Masern-Impfpflicht noch in 2019? Spahn legt Gesetzesentwurf vor – Ärzte unterstützen seine Pläne

Michael van den Heuvel

Interessenkonflikte

6. Mai 2019

Jens Spahn
© Stephan Baumann

Die Eltern von Kita- und Schulkinder haben künftig nachzuweisen, dass ihre Sprösslinge gegen Masern geschützt sind. Wer Impfungen verweigert, muss mit Konsequenzen wie Geldstrafen oder dem Kita-Ausschluss rechnen. Diese Maßnahmen sieht Bundesgesundheitsminister Jens Spahn (CDU) in einem Referentenentwurf zur Masern-Impfpflicht vor [1].

„Wir wollen alle Kinder davor schützen, sich mit Masern zu infizieren. Deswegen sollen alle, die eine Kita oder Schule besuchen, gegen Masern geimpft sein“, sagte Spahn der Bild am Sonntag. Wer dort neu aufgenommen werde, müsse das nachweisen. „Schließlich sind in Kitas auch Kinder unter zehn Monaten, die noch nicht geimpft werden dürfen und damit besonders gefährdet sind.“

Und: Die Masern sind bekanntlich hochansteckend, dies bereits etwa 3 bis 5 Tage, bevor der Ausschlag sichtbar wird. Laut Robert Koch-Institut (RKI) führt das Masernvirus bereits bei kurzer Exposition durch das Einatmen infektiöser Tröpfchen beim Sprechen, Husten, Niesen sowie durch Kontakt mit infektiösen Sekreten aus Nase oder Rachen zu einer Infektion (Kontagionsindex nahe 100%) und löst bei über 95% der ungeschützten Infizierten klinische Symptome aus (Manifestationsindex ebenfalls nahe 100%).

Große Impflücken

Spahn beruft sich bei seinem Gesetzentwurf auf aktuelle Zahlen. Das RKI gibt für 2018 insgesamt 543 Masernerkrankungen in Deutschland an, im laufenden Jahr sind es bereits mehr als 300 Fälle.

Prof. Dr. Lothar H. Wieler

„Fast die Hälfte der Erkrankten sind junge Erwachsene, das weist auf die großen Impflücken in diesen Altersgruppen hin“, betont RKI-Präsident Prof. Dr. Lothar H. Wieler mit Verweis auf eine Auswertung im Epidemiologischen Bulletin .

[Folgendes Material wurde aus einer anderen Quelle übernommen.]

(* Let $n\ge0$ and $k\ge1$ be integers, $\rho\ne0$ real, $0\le q<1$, and $z$ a complex number. Then $$\widehat c_{n,\rho,q}^{(k)}(z)=(-1)^n\sum_{m=0}^n S_1(n,m)\rho^{n-m}\sum_{i=0}^m\binom{m}{i}\frac{(-z)^i}{[m-i+1]_q^k}=(-1)^n\sum_{m=0}^n S_1\!\left(n,m,-\frac{z}{\rho}\right)\frac{\rho^{n-m}}{[m+1]_q^k}.$$
   Context: For real $0\le q<1$ (with $0^0=1$), $[x]_q=\frac{1-q^x}{1-q}$. Jackson's $q$-integral: $\int_0^1 f(x)\,d_qx=(1-q)\sum_{j\ge0} f(q^j)q^j$; multiple integrals are iterated. $(x)_n=x(x-1)\cdots(x-n+1)$, $(x)_0=1$. The $q$-poly-Cauchy polynomials of the second kind with parameter $\rho$ are $$\widehat c_{n,\rho,q}^{(k)}(z)=\rho^n\underbrace{\int_0^1\cdots\int_0^1}_{k}\left(\frac{-x_1\cdots x_k+z}{\rho}\right)_n d_qx_1\cdots d_qx_k.$$ The unsigned Stirling numbers of the first kind are defined by $x(x+1)\cdots(x+n-1)=\sum_{m=0}^n S_1(n,m)x^m$. The weighted Stirling numbers of the first kind $S_1(n,m,x)$ are defined by $\frac{(1-t)^{-x}(-\ln(1-t))^m}{m!}=\sum_{n\ge0} S_1(n,m,x)\frac{t^n}{n!}$. *)

theory Defs
  imports "HOL-Analysis.Analysis" "HOL-Combinatorics.Stirling"
          "HOL-Computational_Algebra.Formal_Power_Series"
begin

definition qnum :: "real \<Rightarrow> nat \<Rightarrow> real" where
  "qnum q x = (1 - q ^ x) / (1 - q)"
lemma maximally_distant_C_D:
  assumes "i < n"
  shows "maximally_distant (U_adj n) (C i) (D ((i + k) mod n))"
  unfolding maximally_distant_def U_dist_eq_walk_dist[symmetric]
proof (intro allI impI)
  define j where "j = (i + k) mod n"
  have "j < n" and sj: "Suc j mod n < n" using assms by (simp_all add: j_def)
  note idx = opposite_index_arith[OF assms, folded j_def]
  fix v
  assume "U_adj n (D j) v"
  then consider "v = C j" | "v = E j" | "v = C (Suc j mod n)"
    unfolding U_adj_def U_edge0_def by auto
  then have "U_dist n (C i) v \<le> k + 2"
  proof cases
    case 1
    have "(U_adj n ^^ Suc (Suc k)) (C i) v"
      unfolding 1
      using U_adj_sym[OF U_column_edges(2)[OF assms]] U_rim_walks(2)[OF assms j_def[symmetric]]
        U_column_edges(2)[OF \<open>j < n\<close>]
      by (blast intro: relpowp_Suc_I relpowp_Suc_I2)
    then show ?thesis by (rule U_dist_le_walk(1)) simp
  next
    case 2
    have "(U_adj n ^^ (2 + k)) (C i) v"
      unfolding 2 using U_column_walks(5)[OF assms] U_rim_walks(3)[OF assms j_def[symmetric]]
      by (rule relpowp_trans)
    then show ?thesis by (rule U_dist_le_walk(1)) simp
  next
    case 3
    have "(U_adj n ^^ Suc (Suc k)) v (C i)"
      unfolding 3 using U_adj_sym[OF U_column_edges(2)[OF sj]] U_rim_walks(2)[OF sj idx(2)]
        U_column_edges(2)[OF assms]
      by (blast intro: relpowp_Suc_I relpowp_Suc_I2)
    then show ?thesis by (rule U_dist_le_walk(2)) simp
  qed
  moreover have "k + 2 \<le> U_dist n (C i) (D j)"
    using U_dist_C_opposite_D[OF n_eq k_pos assms] by (simp add: j_def)
  ultimately show "U_dist n (C i) v \<le> U_dist n (C i) (D j)" by simp
qed

lemma inj_on_opposite_vertex: "inj_on (opposite_vertex n k) (A ` {..<n} \<union> C ` {..<n})"
proof (rule inj_onI)
  fix v w
  assume "v \<in> A ` {..<n} \<union> C ` {..<n}" and "w \<in> A ` {..<n} \<union> C ` {..<n}"
    and "opposite_vertex n k v = opposite_vertex n k w"
  then obtain a b where "a < n" "b < n" and "v = A a \<and> w = A b \<or> v = C a \<and> w = C b"
    and "(a + k) mod n = (b + k) mod n"
    unfolding opposite_vertex_def by auto
  then show "v = w" by (metis opposite_index_arith(2))
qed

lemma strong_resolving_set_meets_opposite:
  assumes "strong_resolving_set n S" and "v \<in> A ` {..<n} \<union> C ` {..<n}"
  shows "v \<in> S \<or> opposite_vertex n k v \<in> S"
proof -
  have "0 < n" using n_eq by simp
  from assms(2) obtain i where "i < n" and "v = A i \<or> v = C i" by blast
  then show ?thesis
  proof (elim disjE)
    assume "v = A i"
    have "A i \<in> S \<or> E ((i + k) mod n) \<in> S"
      by (rule strong_resolving_set_meets_maximally_distant[OF assms(1)])
        (simp_all add: \<open>i < n\<close> \<open>0 < n\<close> maximally_distant_E_A maximally_distant_A_E)
    with \<open>v = A i\<close> show ?thesis by (simp add: opposite_vertex_def)
  next
    assume "v = C i"
    have "C i \<in> S \<or> D ((i + k) mod n) \<in> S"
      by (rule strong_resolving_set_meets_maximally_distant[OF assms(1)])
        (simp_all add: \<open>i < n\<close> \<open>0 < n\<close> maximally_distant_D_C maximally_distant_C_D)
    with \<open>v = C i\<close> show ?thesis by (simp add: opposite_vertex_def)
  qed
qed

end

theorem lemma4p5:
  fixes k n :: nat and S :: "vtx set"
  assumes "k \<ge> 1" and "n = 2 * k + 1"
    and "strong_resolving_set n S"
  shows "card S \<ge> 2 * n"
proof -
  let ?I = "A ` {..<n} \<union> C ` {..<n}"
  have "finite S"
    using assms(3) unfolding strong_resolving_set_def U_verts_def by (auto intro: finite_subset)
  moreover have "inj_on (opposite_vertex n k) ?I"
    using assms(2,1) by (rule inj_on_opposite_vertex)
  moreover have "opposite_vertex n k ` ?I \<inter> ?I = {}"
    by (auto simp: opposite_vertex_def)
  moreover have "v \<in> S \<or> opposite_vertex n k v \<in> S" if "v \<in> ?I" for v
    using assms(2,1,3) that by (rule strong_resolving_set_meets_opposite)
  ultimately have "card ?I \<le> card S" by (rule card_le_if_meets_pairs)
  moreover have "card ?I = 2 * n"
    by (subst card_Un_disjoint) (auto simp: card_image inj_on_def)
  ultimately show ?thesis by simp
qed

end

Diese Impflücken bestehen in Deutschland bei Masern immer noch – trotz aller Anstrengungen: Immerhin haben 97,1% aller Schulanfänger die erste Impfung bekommen. Aber bei der 2. Masernimpfung, nach der erst ein vollständiger Schutz besteht, gibt es große regionale Unterschiede, so dass auf Bundesebene die von WHO-Experten geforderte Impfquote von 95% nicht erreicht wird.

 
Fast die Hälfte der Erkrankten sind junge Erwachsene, das weist auf die großen Impflücken in diesen Altersgruppen hin. Prof. Dr. Lothar H. Wieler
 

Laut RKI-Daten waren nur etwa 93% der Schulanfänger 2017 2-mal gegen Masern geimpft. „Trotz aller Aufklärungskampagnen sind die Impfquoten in den vergangenen Jahren nicht entscheidend gestiegen“, erläutert Spahn. „Deshalb muss die Masern-Impfung in Kindergärten und Schule verpflichtend werden.“ Denn wer sich impfe, schütze nicht nur sich selbst, sondern auch die Gemeinschaft.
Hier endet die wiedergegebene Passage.